Este ano, muitas das mensagens de aniversário chegaram com desabafos de desalento. “Coragem! Este mundo está do avesso”, escrevia uma amiga. “Estou preocupado com o mundo”, acrescentava um amigo. E sempre esta ideia de que o que está à frente é pior, mesmo que o que se deseje seja celebrar esse ano que aí vem. Talvez esteja a ficar velha, pensei. Os velhos sempre acreditaram que o fim do mundo está próximo. E está. A cada morte há um mundo que se acaba. E talvez a proximidade desse final nos faça acreditar que tudo se deslassa e desaba, talvez para que nos custe menos a partida de um lugar que já não é bom.
Sim, estou a ficar velha. Mas o mundo também. O mundo envelhece quando perde a esperança. Deixar de sonhar é o primeiro sinal de degenerescência, de desistência e, enfim, de falência.
Como continuar se não acreditamos que o que aí vem é melhor? E não me refiro ao punhado de amigos que envelhece comigo, mas a esta ideia que se foi instalando no âmago de todos de que não há alternativas. A ideia de que a utopia deixou de ser o lugar com que se sonha para se esfumar num riso de escárnio descrente. A ideia de que tudo o que está mal não tem remédio e de que não há nada que possamos fazer para o mudar.
A desistência é a pior de todas as derrotas. O desânimo é o pior de todos os venenos. Deixa-nos a apodrecer lentamente. Faz com que todas as coisas se equivalham. Não há bem nem há mal. Há um encolher de ombros perpétuo e desalentado.
E é no meio disso que melhor nasce a raiva. A raiva é o que sobra quando acreditamos que não há um movimento que nos leve para um lugar melhor. A raiva faz-nos esbracejar. E esbracejar parece ser o único movimento que nos resta. Por isso, esbracejamos. Enraivecemo-nos.
Mas a raiva precisa de combustível. Para a manter acesa é preciso o ódio. É preciso encontrar inimigos. Não temos para onde ir, mas encontramos um objetivo neste ódio que alimenta a raiva e nos dá a ilusão de estarmos a fazer alguma coisa, quando nada mais parece possível.

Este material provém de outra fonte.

lemma avg_limsup_gt_subset_max_pos:
  "avg_limsup_gt g q \<subseteq> (\<Union>n. {x \<in> space M. 0 < max_birkhoff_sum (\<lambda>x. g x - q) n x})"
proof
  fix x assume "x \<in> avg_limsup_gt g q"
  then obtain r :: rat where x: "x \<in> space M" and "q < of_rat r"
    and "\<exists>\<^sub>F n in sequentially. of_rat r < birkhoff_sum g n x / n"
    unfolding avg_limsup_gt_def by blast
  then obtain n where n: "1 \<le> n" "of_rat r < birkhoff_sum g n x / n"
    unfolding frequently_sequentially by blast
  have "n * q < n * of_rat r"
    using \<open>q < of_rat r\<close> n(1) by simp
  also have "\<dots> < birkhoff_sum g n x"
    using n by (simp add: field_simps)
  finally have "0 < max_birkhoff_sum (\<lambda>x. g x - q) n x"
    using birkhoff_sum_le_max[of n n "\<lambda>x. g x - q" x] unfolding birkhoff_sum_minus_const by simp
  with x show "x \<in> (\<Union>n. {x \<in> space M. 0 < max_birkhoff_sum (\<lambda>x. g x - q) n x})"
    by blast
qed

text \<open>The set is invariant, hence null or full. If it were full, the sets where some Birkhoff sum
  of \<open>g - q\<close> is positive would exhaust the space, and the maximal ergodic lemma would give
  \<open>\<integral> g \<ge> q\<close>.\<close>
lemma measure_avg_limsup_gt_eq_0:
  assumes g: "g \<in> borel_measurable M" and bound: "\<And>x. x \<in> space M \<Longrightarrow> \<bar>g x\<bar> \<le> B"
    and q: "(\<integral>x. g x \<partial>M) < q"
  shows "measure M (avg_limsup_gt g q) = 0"
proof (rule ccontr)
  assume "measure M (avg_limsup_gt g q) \<noteq> 0"
  then have full: "measure M (avg_limsup_gt g q) = 1"
    using invariant_set_trivial[OF sets_avg_limsup_gt[OF g] avg_limsup_gt_invariant[OF bound]]
    by blast
  define h where "h = (\<lambda>x. g x - q)"
  define G where "G n = {x \<in> space M. 0 < max_birkhoff_sum h n x}" for n
  have h: "h \<in> borel_measurable M" unfolding h_def using g by measurable
  have h_bound: "\<bar>h x\<bar> \<le> B + \<bar>q\<bar>" if "x \<in> space M" for x
    using bound[OF that] unfolding h_def by linarith
  have G: "G n \<in> sets M" for n unfolding G_def using h by measurable
  have "avg_limsup_gt g q \<subseteq> (\<Union>n. G n)"
    unfolding G_def h_def by (rule avg_limsup_gt_subset_max_pos)
  then have "measure M (avg_limsup_gt g q) \<le> measure M (\<Union>n. G n)"
    using G by (intro finite_measure_mono) auto
  then have "measure M (\<Union>n. G n) = 1"
    using full prob_le_1 by (intro antisym) auto
  moreover have "incseq G"
    unfolding G_def by (intro monoI) (auto intro: less_le_trans[OF _ max_birkhoff_sum_mono])
  ultimately have "(\<lambda>n. prob (G n)) \<longlonglongrightarrow> 1"
    using finite_Lim_measure_incseq[of G] G by auto
  then have "0 \<le> (\<integral>x. h x \<partial>M)"
    using maximal_ergodic[OF h h_bound]
    by (intro integral_nonneg_of_nonneg_on_large_sets[OF h h_bound G]) (simp_all add: G_def)
  moreover have "(\<integral>x. h x \<partial>M) = (\<integral>x. g x \<partial>M) - q"
    unfolding h_def using integrable_bounded[OF g bound] by (simp add: prob_space)
  ultimately show False using q by simp
qed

A nossa raiva parece-nos justificada. Mas e a dos outros? A dos outros causa-nos medo. Porque sabemos que também nós seremos um dia incinerados nessa pira de raiva e ódio. Mesmo quando fingimos achar que estamos a salvo, tememos secretamente esta raiva que nos rodeia. Sabemos que é cega e tem fome de vítimas.
É por o sabermos que tememos o mundo. Vemos ao longe, como uma vaga que se agiganta, essa tempestade que sabemos que virá para nos engolir.
Chegou-me por estes dias, por mensagem, uma frase atribuída a Hannah Arendt. “Vivemos tempos sombrios. As piores pessoas perderam o medo e as melhores a esperança”. E é nesta mensagem, aparentemente desalentada, que podemos encontrar essa esperança que se diz perdida.
É que Arendt viu o horror e sobreviveu-lhe. Os que, como eu, nasceram muito depois pisaram esse chão aberto e limpo de promessa e liberdade, construído sobre os escombros da derrota do que há de pior na Humanidade.
E é por aí que temos de ir, sabendo que a cada onda de medo e opressão que se aproxima, cabe-nos dar o peito e mostrar o caminho, porque ele existe, mas apenas se acreditarmos nele. Quando o começarmos a imaginar, ele começará a aparecer. E, então, estas frases de desalento parecerão apenas a memória de umas trevas que já deixámos (outra vez) para trás.